Where TPR is true positive rate and FPR is the false positive rate. Recall and TPR is the same whenever Precision provides correct prediction by test samples. F-measure provides a harmonic mean of Precision and Recall. Accuracy is the proportion of true prediction and total samples. S = (S1 + S2 + … + Sc) is the total sample and c is a number of class that computes the average performance of the system.

6.2 Performance Comparison

This section summarizes results of different ML techniques which executed on collected data of blackhole attack in ad hoc network. Table 2 shows results of computed statistical parameters such as TPR, FPR, Precision, F-measure, and accuracy. ML techniques such as Ada Boost, Bayes Net, Decision Table, Hoeffding Tree, J48, KStrar, MLP, Naive Bayes, Random Forest, Random Tree, and SGD are executed on Dataset-1.

Table 2. Performance of machine learning techniques for Dataset-1

Table 2 shows results on mentioned parameters that can easily recognize the best technique. When an attack is detected in the system then sends an alarm to the network administrator to isolates that node. While FN higher value indicates, normal packet information is falsely predicted as an attack. FP is the opposite of FN which indicates attack falsely detected as normal meanwhile the system allows the attack to enter and harm network resources. Decision Table classifier shows lower FPR and higher TPR, Precision, and F-measure. An opposite of this, KStar technique is shown higher FPR and lower Precision and F-measure. While Naive Bayes technique is shown lower TPR or Recall. Decision Table is producing a better detection system whenever KStar and Naive Bayes both are quantitatively given poor results.

Table 3 shows confusion matrix of SGD, Bayes Net, and MLP of Dataset-2 that use for statistical parameters computation. Table 4, 5 and 6 show the performance on different statistical parameters of SGD, Bayes Net, MLP respectively. The performance of the system is measured with the help of statistical parameters. TP and TN are correct prediction parameters which higher value improve system performance, and lower value decreases the system performance. FP and FN are the incorrect predictions of parameters which lower value improve the performance of the system and higher value decrease the system performance. These parameters are used to compute performance measures such as TPR, FPR, Precision, F-measure, and Accuracy.

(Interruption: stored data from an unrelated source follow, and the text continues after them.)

lemma exists_nonzero_minor:
  fixes b0 b1 :: "nat \<Rightarrow> int"
  assumes "\<And>c0 c1. (\<forall>j<n. c0 * b0 j + c1 * b1 j = 0) \<Longrightarrow> c0 = 0 \<and> c1 = 0"
  shows "\<exists>p<n. \<exists>q<n. b0 p * b1 q - b1 p * b0 q \<noteq> 0"
proof (rule ccontr)
  assume minors: "\<not> ?thesis"
  obtain p where p: "p < n" "b0 p \<noteq> 0"
    using assms[of 1 0] by auto
  have "b1 p * b0 j + (- b0 p) * b1 j = 0" if "j < n" for j
    using minors p that by (auto simp: algebra_simps)
  then show False
    using assms[of "b1 p" "- b0 p"] p by auto
qed

lemma complex_independent_if_int_independent:
  fixes b0 b1 :: "nat \<Rightarrow> int" and s t :: complex
  assumes "\<And>c0 c1. (\<forall>j<n. c0 * b0 j + c1 * b1 j = 0) \<Longrightarrow> c0 = 0 \<and> c1 = 0"
    and st: "\<forall>j<n. s * of_int (b0 j) + t * of_int (b1 j) = 0"
  shows "s = 0 \<and> t = 0"
proof -
  obtain p q where pq: "p < n" "q < n" and minor: "b0 p * b1 q - b1 p * b0 q \<noteq> 0"
    using exists_nonzero_minor[of n b0 b1] assms(1) by blast
  define D :: complex where "D = of_int (b0 p * b1 q - b1 p * b0 q)"
  have "D \<noteq> 0"
    unfolding D_def using minor by (simp only: of_int_eq_0_iff not_False_eq_True)
  have at_p: "s * of_int (b0 p) + t * of_int (b1 p) = 0"
    and at_q: "s * of_int (b0 q) + t * of_int (b1 q) = 0"
    using st pq by auto
  have "s * D = of_int (b1 q) * (s * of_int (b0 p) + t * of_int (b1 p))
      - of_int (b1 p) * (s * of_int (b0 q) + t * of_int (b1 q))"
    by (simp add: D_def algebra_simps)
  then have "s * D = 0"
    by (simp only: at_p at_q) simp
  moreover have "t * D = of_int (b0 p) * (s * of_int (b0 q) + t * of_int (b1 q))
      - of_int (b0 q) * (s * of_int (b0 p) + t * of_int (b1 p))"
    by (simp add: D_def algebra_simps)
  then have "t * D = 0"
    by (simp only: at_p at_q) simp
  ultimately show ?thesis
    using \<open>D \<noteq> 0\<close> by simp
qed

lemma orthogonal_to_int_pair:
  fixes b0 b1 :: int and s t :: complex
  assumes "b0 \<noteq> 0 \<or> b1 \<noteq> 0" and "s * of_int b0 + t * of_int b1 = 0"
  shows "\<exists>c. s = c * of_int b1 \<and> t = - c * of_int b0"
proof (cases "b0 = 0")
  case True
  then show ?thesis
    using assms by (intro exI[of _ "s / of_int b1"]) auto
next
  case False
  then show ?thesis
    using assms(2) by (intro exI[of _ "- t / of_int b0"]) (auto simp: field_simps add_eq_0_iff)
qed
(* Let $R$ be a finite commutative unital ring, $N\ge2$ with $N\in R^{\times}$, and $q\in R$ a root of the $N$-th cyclotomic polynomial over $\mathbb{Z}$. Let $\alpha$ be the exponent of $R^{\times}$ and $k$ the integer with $\alpha=kN$. Let $u,u'\in R^{\times}$, $a,a'\in R$. If $\mathrm{Id}_{H_N^q}(\mathcal{B}_{(u,a)})=\mathrm{Id}_{H_N^q}(\mathcal{B}_{(u',a')})$, then $(u')^k=u^k$.
   Context: $N$ divides $\alpha$ under these hypotheses. $H_N^q$ is the Taft Hopf algebra over $R$: generated by $g,x$ with $g^N=1$, $x^N=0$, $xg=qgx$, $\Delta(g)=g\otimes g$, $\Delta(x)=1\otimes x+x\otimes g$, $\varepsilon(g)=1$, $\varepsilon(x)=0$, free over $R$ with basis $\{g^mx^n:0\le m,n<N\}$. For $u\in R^{\times},a\in R$, $\mathcal{B}_{(u,a)}$ is the $R$-algebra generated by $v_g,v_x$ with $v_g^N=u$, $v_x^N=a$, $v_xv_g=qv_gv_x$, a right $H_N^q$-comodule algebra via $v_g\mapsto v_g\otimes g$, $v_x\mapsto1\otimes x+v_x\otimes g$. Let $Z_i^H$ ($i\ge1$) be copies $\{Z_i^h:h\in H_N^q\}$ of the $R$-module $H_N^q$ and $T=T(\bigoplus_iZ_i^H)$ the tensor algebra with coaction $\delta(Z_i^h)=\sum Z_i^{h_1}\otimes h_2$. $P\in T$ is a polynomial $H_N^q$-identity for a right $H_N^q$-comodule algebra $B$ if $f(P)=0$ for all right $H_N^q$-comodule algebra maps $f:T\to B$; $\mathrm{Id}_{H_N^q}(B)$ is the set of these. *)

theory Defs
  imports Complex_Main "HOL-Computational_Algebra.Polynomial"
begin

definition cyclotomic :: "nat \<Rightarrow> int poly" where
  "cyclotomic n = (THE p. map_poly (of_int :: int \<Rightarrow> complex) p =
     (\<Prod>k\<in>{k. k < n \<and> coprime k n}. [:- cis (2 * pi * real k / real n), 1:]))"

definition unit_exponent :: "'a::{comm_ring_1,finite} itself \<Rightarrow> nat" where
  "unit_exponent _ = (LEAST e. 0 < e \<and> (\<forall>x::'a. x dvd 1 \<longrightarrow> x ^ e = 1))"

text \<open>An element of a free R-module with basis indexed by pairs (m,n) in Idx N is a
function (nat*nat) => R vanishing outside Idx N.\<close>

definition Idx :: "nat \<Rightarrow> (nat \<times> nat) set" where
  "Idx N = {..<N} \<times> {..<N}"

definition bas :: "'i \<Rightarrow> 'i \<Rightarrow> 'a::comm_ring_1" where
  "bas i = (\<lambda>k. if k = i then 1 else 0)"

text \<open>Structure constants of B_(u,a) in the basis v_g^m v_x^n:
 (v_g^m v_x^n)(v_g^m' v_x^n') = q^(n m') u^((m+m') div N) a^((n+n') div N)
   v_g^((m+m') mod N) v_x^((n+n') mod N).
 The Taft algebra H_N^q is the case u = 1, a = 0 (g = v_g, x = v_x).\<close>

definition bconst :: "nat \<Rightarrow> 'a::comm_ring_1 \<Rightarrow> 'a \<Rightarrow> 'a \<Rightarrow>
    nat \<times> nat \<Rightarrow> nat \<times> nat \<Rightarrow> nat \<times> nat \<Rightarrow> 'a" where
  "bconst N q u a i j k = (case i of (m, n) \<Rightarrow> case j of (m', n') \<Rightarrow>
     if k = ((m + m') mod N, (n + n') mod N)
     then q ^ (n * m') * u ^ ((m + m') div N) * a ^ ((n + n') div N) else 0)"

Table 3. Confusion matrix for Dataset-2
Table 4. Statistical parameters of SGD for Dataset-2
Table 5. Statistical parameters of Bayes Net for Dataset-2
Table 6. Statistical parameters of MLP for Dataset-2

Table 7 shows performance of detection system where SGD, Bayes Net, MLP are performed on Dataset-2. In these detection systems, MLP provides a higher detection rate, precision, F-measure, accuracy, and lower false alarm rate. The training complexity of detection systems of Dataset-2 as SGD (0.55 s), Bayes Net (0.15 s), and MLP (1.77 s). MLP took more training time to other ML techniques.

Table 7. Overall performance of detection system for Dataset-2

7 Conclusion

In this paper, we have proposed a machine learning based intrusion detection system in the ad hoc network where intrusion as a blackhole attack. Blackhole attack is applied in the network and simulated with many malicious nodes. The main features of nodes are identified and collected information of traced pcap file using tcpdump. This information makes a set of distinct samples which is with known labels. Machine learning techniques are applied to this set of data which work in the supervised mode of training. Experiments show the simulated blackhole attack such activities, and various machine learning techniques provide their detection accuracy. Where MLP is shown the better result to other classifiers, it has shown 98.5% detection rate and 4.7% false alarm rate whenever it took more training time. These promising results encourage us to extend this work to identify more useful features and collect more information. Moreover, this work may simulate with other intrusions.